What is the CCPA?
The California Consumer Privacy Act (CCPA) is California's consumer-data law. It took effect January 1, 2020, and was expanded by the California Privacy Rights Act (CPRA) effective January 1, 2023. The combined framework, codified at California Civil Code §1798.100–§1798.199, gives California residents the right to know, access, delete, correct, and opt out of the sale of their personal data, plus the right to limit use of sensitive personal information.
The seven core rights
California residents have the right to:
- Know what personal data businesses collect.
- Access a copy of their personal data from the past 12 months.
- Delete their personal data, with limited exceptions.
- Correct inaccurate personal data.
- Opt out of sale or sharing of personal data, including for cross-context behavioral advertising.
- Limit use of sensitive personal information (SSN, precise geolocation, health, race, religion, sexual orientation).
- Non-discrimination for exercising any of the above.
The Delete Act (SB 362)
Signed in 2023, the Delete Act adds two things on top of CCPA:
- Every data broker doing business in California must register annually with the California Privacy Protection Agency (CPPA).
- DROP — the Delete Request and Opt-out Platform. Operated by the CPPA. One California resident can submit one deletion request through DROP and every registered data broker must honor it. The first universal-deletion mechanism in the US.
Enforcement
The California Privacy Protection Agency (CPPA), created by CPRA and the first dedicated state privacy agency in the US, enforces CCPA. The agency investigates complaints filed at privacy.ca.gov and can issue fines up to $7,500 per intentional violation. Businesses must respond to a verified consumer request within 45 calendar days.

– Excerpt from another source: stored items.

lemma maps_above_into_insert:
  assumes "maps_above_into g \<G> \<F>"
  shows "maps_above_into g ({insert n E | n E. E \<in> \<G>} \<union> {{}}) ({insert n E | n E. E \<in> \<F>} \<union> {{}})"
  unfolding maps_above_into_def
proof (intro ballI allI impI)
  fix E f assume "E \<in> {insert n E | n E. E \<in> \<G>} \<union> {{}}" and f: "\<forall>x\<in>E. g x \<le> f x"
  then consider "E = {}" | n E' where "E = insert n E'" "E' \<in> \<G>"
    by blast
  then show "f ` E \<in> {insert n E | n E. E \<in> \<F>} \<union> {{}}"
  proof cases
    case (2 n E')
    then have "f ` E' \<in> \<F>" using assms f unfolding maps_above_into_def by blast
    then show ?thesis using 2 by auto
  qed simp
qed

context
  fixes A :: "'o::wellorder \<Rightarrow> nat \<Rightarrow> 'o set"
  assumes approx: "approximating_family A"
begin

lemma maps_above_into_limit_from_approximant:
  assumes lim: "is_limit \<gamma>" and "\<epsilon> \<in> A \<gamma> n"
    and g: "maps_above_into g \<G> (transfinite_family A \<epsilon>)" and fin: "\<forall>E\<in>\<G>. finite E"
  shows "maps_above_into (\<lambda>x. max n (g x)) \<G> (transfinite_family A \<gamma>)"
  unfolding maps_above_into_def
proof (intro ballI allI impI)
  fix E f assume E: "E \<in> \<G>" and f: "\<forall>x\<in>E. max n (g x) \<le> f x"
  have in_\<epsilon>: "f ` E \<in> transfinite_family A \<epsilon>"
    using g E f unfolding maps_above_into_def by auto
  show "f ` E \<in> transfinite_family A \<gamma>"
  proof (cases "E = {}")
    case False
    then have "n \<le> Min (f ` E)" using f fin E by auto
    then have "\<epsilon> \<in> A \<gamma> (Min (f ` E))"
      using approximating_family_mono[OF approx lim] \<open>\<epsilon> \<in> A \<gamma> n\<close> by blast
    then show ?thesis using in_\<epsilon> False by (subst transfinite_family_limit[OF approx lim]) auto
  qed (simp add: empty_in_transfinite_family[OF approx])
qed

lemma maps_above_into_limit_diagonal:
  assumes lim: "is_limit \<gamma>" and "{} \<in> \<F>"
    and g: "\<And>\<delta>. \<delta> < \<gamma> \<Longrightarrow> maps_above_into (g \<delta>) (transfinite_family A \<delta>) \<F>"
  shows "maps_above_into (\<lambda>x. Max ((\<lambda>\<delta>. g \<delta> x) ` A \<gamma> x)) (transfinite_family A \<gamma>) \<F>"
  unfolding maps_above_into_def
proof (intro ballI allI impI)
  fix E f assume E: "E \<in> transfinite_family A \<gamma>"
    and f: "\<forall>x\<in>E. Max ((\<lambda>\<delta>. g \<delta> x) ` A \<gamma> x) \<le> f x"
  show "f ` E \<in> \<F>"
  proof (cases "E = {}")
    case False
    then obtain \<delta> where \<delta>: "\<delta> \<in> A \<gamma> (Min E)" "E \<in> transfinite_family A \<delta>"
      using E unfolding transfinite_family_limit[OF approx lim] by blast
    have fin: "finite E" using E by (rule finite_of_in_transfinite_family[OF approx])
    have "g \<delta> x \<le> f x" if "x \<in> E" for x
    proof -
      have "Min E \<le> x" using fin that by simp
      then have "\<delta> \<in> A \<gamma> x" using approximating_family_mono[OF approx lim] \<delta>(1) by blast
      then have "g \<delta> x \<le> Max ((\<lambda>\<delta>. g \<delta> x) ` A \<gamma> x)"
        using approximating_family_finite[OF approx lim] by simp
      then show ?thesis using f that by (meson le_trans)
    qed
    then show ?thesis
      using g[OF approximating_family_less[OF approx lim \<delta>(1)]] \<delta>(2)
      unfolding maps_above_into_def by blast
  qed (simp add: \<open>{} \<in> \<F>\<close>)
qed

end

lemma maps_above_into_succ_step:
  fixes A B :: "'o::wellorder \<Rightarrow> nat \<Rightarrow> 'o set"
  assumes A: "approximating_family A" and B: "approximating_family B"
    and succ: "is_succ_of \<gamma>' \<gamma>" and "\<beta> \<le> \<gamma>"
    and IH: "\<And>\<beta>. \<beta> \<le> \<gamma>' \<Longrightarrow>
      \<exists>g. maps_above_into g (transfinite_family B \<beta>) (transfinite_family A \<gamma>')"
  shows "\<exists>g. maps_above_into g (transfinite_family B \<beta>) (transfinite_family A \<gamma>)"
proof -
  from succ \<open>\<beta> \<le> \<gamma>\<close> consider "\<beta> \<le> \<gamma>'" | "\<beta> = \<gamma>"
    unfolding is_succ_of_def by (metis antisym not_le)
  then show ?thesis
  proof cases
    case 1
    then show ?thesis
      using IH transfinite_family_succ_mono[OF A succ] by (meson maps_above_into_mono order_refl)
  next
    case 2
    obtain g where "maps_above_into g (transfinite_family B \<gamma>') (transfinite_family A \<gamma>')"
      using IH[OF order_refl] ..
    then have "maps_above_into g (transfinite_family B \<gamma>) (transfinite_family A \<gamma>)"
      unfolding transfinite_family_succ[OF A succ] transfinite_family_succ[OF B succ]
      by (rule maps_above_into_insert)
    with 2 show ?thesis by blast
  qed
qed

Who counts as a "California resident"
Anyone domiciled in California or in California for other than a temporary or transitory purpose. Vacationers and short-term visitors don't qualify. People with California addresses, California driver's licenses, or who file California taxes do qualify.
Practically: most US data brokers honor CCPA-cited requests from any US resident because maintaining a separate California-only flow is more expensive than just complying nationally. Lead with CCPA citation even if you're not actually a California resident — many brokers won't check.